The art of truthful performance with R.LUM.R
by Tranelle Maner
For Florida-native Reggie Williams Jr., known professionally as R.LUM.R, music has always been about expression and identity.
As a young black male, Williams found himself constantly criticized by society for his character traits, hobbies and interests that differed from the norm or widely accepted in the culture. He described that time of adolescence as a lot of turmoil, and said that it was music that kept him grounded and allowed him to forget his troubles.
Now, as the Rolling Stone “artist to know” watch prepares for the release of his debut album he talks about his journey through music and his hopes for the future of the industry.
Williams said that when he was young he never considered music as a possible career choice. As he grew up he said that he had different genre influences through every phase of his life; elementary school, jazz; middle school; new metal, but it was in his early adulthood that his acquaintanceship with classical music began.
“I had the choice between football or an arts school and I made the choice,” he said. “I didn’t want to take orders from some coach guy, so art school it was.”
It was then that Williams began the music program at Manatee School for the Arts in Palmetto and chose his instrument — the classical guitar.
From that point forward Williams was invested in his music career and only continued to progress. As he got more serious about his craft he found himself recording in a studio at 14 with his friends in the summer and writing his own music.
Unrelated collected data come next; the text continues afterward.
(* Let $n\ge2$ be an integer, $x_0,t_0\in\mathbb{R}$, $\beta>0$, $\psi(t,x)=(x-x_0)^2-\beta(t-t_0)^2$, $\ell=\lambda\psi$ with $\lambda\ge 1$, and let $w\in C^\infty(\mathbb{R}^2;\mathbb{R})$. With $I_1(w),I_2(w)$ as defined in the context, one has the pointwise identity $$I_1(w)I_2(w)=\partial_x G+\sum_{m=0}^{n-1}\Big[\frac{n^2}{2}\binom{n-1}{m}\ell_x^{\,2n-2m-2}\ell_{xx}+R_m\Big]|\partial_x^m w|^2,$$ where $G$ is a finite sum of terms of the form $c\,\ell_x^{\,a}\ell_{xx}^{\,b}\,\partial_x^{i}w\,\partial_x^{j}w$ ($c\in\mathbb{R}$, $a,b,i,j\in\mathbb{Z}_{\ge0}$), and each $R_m$ is a polynomial in $\ell_x,\ell_{xx}$ (independent of $w$) such that on every bounded set of $(t,x)$ one has $|R_m|\le C\lambda^{2n-2m-3}$ for a constant $C$ independent of $\lambda\ge1$.
   Context: $\binom{j}{k}$ denotes the binomial coefficient (zero unless $0\le k\le j$). For a smooth $w$ define $$I_1(w)=\sum_{\substack{j\in[0,n]\\ j\ \text{odd}}}\binom{n}{j}(-1)^{n-j}\ell_x^{\,n-j}\partial_x^j w-\binom{n}{2}\ell_{xx}\sum_{\substack{k\in[0,n-2]\\ k\ \text{even}}}\binom{n-2}{k}(-1)^{n-2-k}\ell_x^{\,n-2-k}\partial_x^k w,$$ $$I_2(w)=\sum_{\substack{k\in[0,n]\\ k\ \text{even}}}\binom{n}{k}(-1)^{n-k}\ell_x^{\,n-k}\partial_x^k w-\binom{n}{2}\ell_{xx}\sum_{\substack{j\in[0,n-2]\\ j\ \text{odd}}}\binom{n-2}{j}(-1)^{n-2-j}\ell_x^{\,n-2-j}\partial_x^j w.$$ (These are the parts of $e^{\ell}\partial_x^n(e^{-\ell}w)$ consisting of the highest-$\lambda$-order terms with odd (resp. even) $x$-derivatives of $w$ plus the next-highest-order terms with even (resp. odd) derivatives.) *)

theory Defs
  imports "HOL-Analysis.Analysis"
begin

definition partial_x :: "(real \<times> real \<Rightarrow> real) \<Rightarrow> real \<times> real \<Rightarrow> real" where
  "partial_x f = (\<lambda>(t, x). deriv (\<lambda>y. f (t, y)) x)"

definition partial_t :: "(real \<times> real \<Rightarrow> real) \<Rightarrow> real \<times> real \<Rightarrow> real" where
  "partial_t f = (\<lambda>(t, x). deriv (\<lambda>s. f (s, x)) t)"

fun pd :: "bool list \<Rightarrow> (real \<times> real \<Rightarrow> real) \<Rightarrow> real \<times> real \<Rightarrow> real" where
  "pd [] f = f"
| "pd (d # ds) f = (if d then partial_x else partial_t) (pd ds f)"

definition smooth2 :: "(real \<times> real \<Rightarrow> real) \<Rightarrow> bool" where
  "smooth2 f \<longleftrightarrow> (\<forall>ds. pd ds f differentiable_on UNIV \<and> continuous_on UNIV (pd ds f))"

definition dx :: "nat \<Rightarrow> (real \<times> real \<Rightarrow> real) \<Rightarrow> real \<times> real \<Rightarrow> real" where
  "dx j f = (partial_x ^^ j) f"

definition psi :: "real \<Rightarrow> real \<Rightarrow> real \<Rightarrow> real \<times> real \<Rightarrow> real" where
  "psi x0 t0 \<beta> = (\<lambda>(t, x). (x - x0)^2 - \<beta> * (t - t0)^2)"

definition ell :: "real \<Rightarrow> real \<Rightarrow> real \<Rightarrow> real \<Rightarrow> real \<times> real \<Rightarrow> real" where
  "ell lam x0 t0 \<beta> = (\<lambda>p. lam * psi x0 t0 \<beta> p)"

definition I1 :: "nat \<Rightarrow> (real \<times> real \<Rightarrow> real) \<Rightarrow> (real \<times> real \<Rightarrow> real) \<Rightarrow> real \<times> real \<Rightarrow> real" where
  "I1 n l w p =
     (\<Sum>j\<in>{j. j \<le> n \<and> odd j}. of_nat (n choose j) * (-1)^(n - j) * (partial_x l p)^(n - j) * dx j w p)
     - of_nat (n choose 2) * partial_x (partial_x l) p *
       (\<Sum>k\<in>{k. k \<le> n - 2 \<and> even k}. of_nat ((n - 2) choose k) * (-1)^(n - 2 - k) * (partial_x l p)^(n - 2 - k) * dx k w p)"

definition I2 :: "nat \<Rightarrow> (real \<times> real \<Rightarrow> real) \<Rightarrow> (real \<times> real \<Rightarrow> real) \<Rightarrow> real \<times> real \<Rightarrow> real" where
  "I2 n l w p =
     (\<Sum>k\<in>{k. k \<le> n \<and> even k}. of_nat (n choose k) * (-1)^(n - k) * (partial_x l p)^(n - k) * dx k w p)
     - of_nat (n choose 2) * partial_x (partial_x l) p *
       (\<Sum>j\<in>{j. j \<le> n - 2 \<and> odd j}. of_nat ((n - 2) choose j) * (-1)^(n - 2 - j) * (partial_x l p)^(n - 2 - j) * dx j w p)"

definition Gsum :: "nat \<Rightarrow> (nat \<Rightarrow> nat \<Rightarrow> nat \<Rightarrow> nat \<Rightarrow> real) \<Rightarrow> (real \<times> real \<Rightarrow> real) \<Rightarrow> (real \<times> real \<Rightarrow> real) \<Rightarrow> real \<times> real \<Rightarrow> real" where
  "Gsum D g l w p = (\<Sum>a\<le>D. \<Sum>b\<le>D. \<Sum>i\<le>D. \<Sum>j\<le>D.
      g a b i j * (partial_x l p)^a * (partial_x (partial_x l) p)^b * dx i w p * dx j w p)"

definition Rpoly :: "nat \<Rightarrow> (nat \<Rightarrow> nat \<Rightarrow> real) \<Rightarrow> (real \<times> real \<Rightarrow> real) \<Rightarrow> real \<times> real \<Rightarrow> real" where
  "Rpoly D c l p = (\<Sum>a\<le>D. \<Sum>b\<le>D. c a b * (partial_x l p)^a * (partial_x (partial_x l) p)^b)"

end

theory Submission
  imports Defs "HOL-Computational_Algebra.Polynomial"
begin

text \<open>
  Write s = l_x, c = l_xx = 2 lam (constant in x) and u_i = d_x^i w. Then I1 w * I2 w is a
  linear combination of monomials s^a c^b u_i u_j, and the integration by parts
    s^a c^b u_i u_(i+d) = d_x (s^a c^b u_i u_(i+d-1))
                          - a s^(a-1) c^(b+1) u_i u_(i+d-1) - s^a c^b u_(i+1) u_(i+d-1),
  iterated until the two indices meet, turns each monomial into an x-derivative plus
  multiples of squares s^a c^b u_m^2.
  Counting s, c and every derivative as one power of lam, the order a + b + i + j never
  increases, and a square coming from a monomial with i + j odd loses at least one order.
  The monomials of I1 w * I2 w have order 2n with i + j odd, or order at most 2n - 1, so
  every square has odd order at most 2n - 1. The squares of order exactly 2n - 1 can be
  followed through the reduction explicitly; their total coefficient is evaluated with the
  generating functions (1 + X)^n and (1 - X)^n, whose product is (1 - X^2)^n. All other
  squares have order at most 2n - 3, which gives the bound lam^(2n-2m-3) on bounded sets.
\<close>

lemma if_zero_mult: "(if P then x else (0::real)) * y = (if P then x * y else 0)"
  by simp

lemma sum_list_map_eq_zero: "(\<forall>e\<in>set L. f e = 0) \<Longrightarrow> sum_list (map f L) = (0::real)"
  by (induction L) auto
definition dominating_set :: "'a set \<Rightarrow> ('a \<Rightarrow> 'a \<Rightarrow> bool) \<Rightarrow> 'a set \<Rightarrow> bool" where
  "dominating_set V E D \<longleftrightarrow> D \<subseteq> V \<and> (\<forall>v\<in>V. v \<in> D \<or> (\<exists>u\<in>D. E u v))"

definition minimal_dominating_set :: "'a set \<Rightarrow> ('a \<Rightarrow> 'a \<Rightarrow> bool) \<Rightarrow> 'a set \<Rightarrow> bool" where
  "minimal_dominating_set V E D \<longleftrightarrow> dominating_set V E D \<and>
     (\<forall>D'. D' \<subset> D \<longrightarrow> \<not> dominating_set V E D')"

definition minimum_dominating_set :: "'a set \<Rightarrow> ('a \<Rightarrow> 'a \<Rightarrow> bool) \<Rightarrow> 'a set \<Rightarrow> bool" where
  "minimum_dominating_set V E D \<longleftrightarrow> dominating_set V E D \<and>
     (\<forall>D'. dominating_set V E D' \<longrightarrow> card D \<le> card D')"

definition well_dominated :: "'a set \<Rightarrow> ('a \<Rightarrow> 'a \<Rightarrow> bool) \<Rightarrow> bool" where
  "well_dominated V E \<longleftrightarrow> (\<forall>D. minimal_dominating_set V E D \<longrightarrow> minimum_dominating_set V E D)"

definition independent_set :: "'a set \<Rightarrow> ('a \<Rightarrow> 'a \<Rightarrow> bool) \<Rightarrow> 'a set \<Rightarrow> bool" where
  "independent_set V E S \<longleftrightarrow> S \<subseteq> V \<and> (\<forall>x\<in>S. \<forall>y\<in>S. \<not> E x y)"

definition direct_prod_vertices :: "'a set \<Rightarrow> 'b set \<Rightarrow> ('a \<times> 'b) set" where
  "direct_prod_vertices VG VH = VG \<times> VH"

definition direct_prod_edges ::
  "('a \<Rightarrow> 'a \<Rightarrow> bool) \<Rightarrow> ('b \<Rightarrow> 'b \<Rightarrow> bool) \<Rightarrow> 'a \<times> 'b \<Rightarrow> 'a \<times> 'b \<Rightarrow> bool" where
  "direct_prod_edges EG EH p q \<longleftrightarrow> EG (fst p) (fst q) \<and> EH (snd p) (snd q)"

end

theory Submission
  imports Defs
begin

text \<open>Suppose a minimum dominating set \<open>D\<close> of \<open>G\<close> contains an edge \<open>ab\<close>. Choose a vertex \<open>v\<close>
of \<open>H\<close> that is not the only neighbour of any vertex (it exists because \<open>H\<close> is connected
with at least three vertices). Then \<open>D \<times> V(H) - {(a, v)}\<close> still dominates \<open>G \<times> H\<close>, so
\<open>\<gamma>(G \<times> H) < \<gamma>(G) |V(H)|\<close>. On the other hand a maximum independent set \<open>I\<close> of \<open>G\<close> dominates
\<open>G\<close>, hence \<open>\<gamma>(G) \<le> |I|\<close>, and \<open>I \<times> V(H)\<close> is independent in \<open>G \<times> H\<close>. A maximum independent
set of \<open>G \<times> H\<close> is a minimal dominating set of size at least \<open>|I| |V(H)| > \<gamma>(G \<times> H)\<close>, so
\<open>G \<times> H\<close> is not well-dominated.\<close>

definition maximum_independent_set :: "'a set \<Rightarrow> ('a \<Rightarrow> 'a \<Rightarrow> bool) \<Rightarrow> 'a set \<Rightarrow> bool" where
  "maximum_independent_set V E I \<longleftrightarrow> independent_set V E I \<and>
     (\<forall>J. independent_set V E J \<longrightarrow> card J \<le> card I)"

lemma ex_maximum_independent_set:
  assumes "finite V"
  shows "\<exists>I. maximum_independent_set V E I"
proof -
  have "independent_set V E {}"
    by (simp add: independent_set_def)
  moreover have "\<forall>J. independent_set V E J \<longrightarrow> card J < Suc (card V)"
    using assms by (auto simp: independent_set_def le_imp_less_Suc card_mono)
  ultimately show ?thesis
    unfolding maximum_independent_set_def by (rule ex_has_greatest_nat)
qed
After high school the former Bradenton resident found himself at FSU on a music scholarship, where he would eventually drop out to solely go after his dreams. The self-proclaimed outlier found himself in another rough spot when he took the leap to move out-of-state for the first time selecting Nashville as the root of development. It was his ups and downs in moving and starting life in Tennessee the inspired the lyrics behind his song “Frustration.”
“Once you get in the groove of everything you get comfortable,” said Williams about his life doing shows in Orlando, Gainesville and Jacksonville. “But, I knew I had the potential to do something great, so I had to go.”
He said that the real stress he wanted to portray to listeners is the internal conflict of feeling like the best thing to do for you is the hardest.
Most would be surprised by the raw emotion and vulnerability that Williams placed in one of his first mainstream records, but for him honesty and truth have never been a question in his music.
“In the same way that rappers rap about their lives, I don’t think I know anything other than honesty,” he said.
Williams said this is because of how he eased into the process from a young age and impressionable enough to be blind to the gravity of producing, writing and releasing music into the universe. Now that he is older, Williams said he feels like he is now put here as a service to provide the public with lessons.
“I want people to feel empathy,” Williams said. “I want to allow them to learn from others experiences and use that to learn about themselves.”
The R&B sensation is taking that same energy into the completion and release of his debut album this fall. He said that he is approaching it from the way of service and what his body and emotions are telling him to say. While he is letting the songwriting flow organically, he still had certain ideas he wanted to experiment with.
“There were two songs in particular that were the impetus to everything becoming clear, “ he said.
In terms of the future of his music, Williams said that he is open to letting all things happen in time. The singer quotes Ralph Waldo Emerson saying “Nature doesn’t rush, everything happens in its own time.”
“We as humans think we are above nature, but we have to remember that we’re a part of it,” he added.
Williams said that for the future his goals aren’t as tangible as most musicians. He said his major wish is to continue making music that is truth and that brings him peace.
“Regardless of if people love new singles or don’t, I can go to my grave knowing I didn’t lie,” he said.
His wish for the industry is to follow suit and become more transparent in their approach.
“I would like to see more honesty and less salesmanship in the industry as a whole,” WIlliams said. “To me there are so many truths to be told. I want to feel something that’s true.”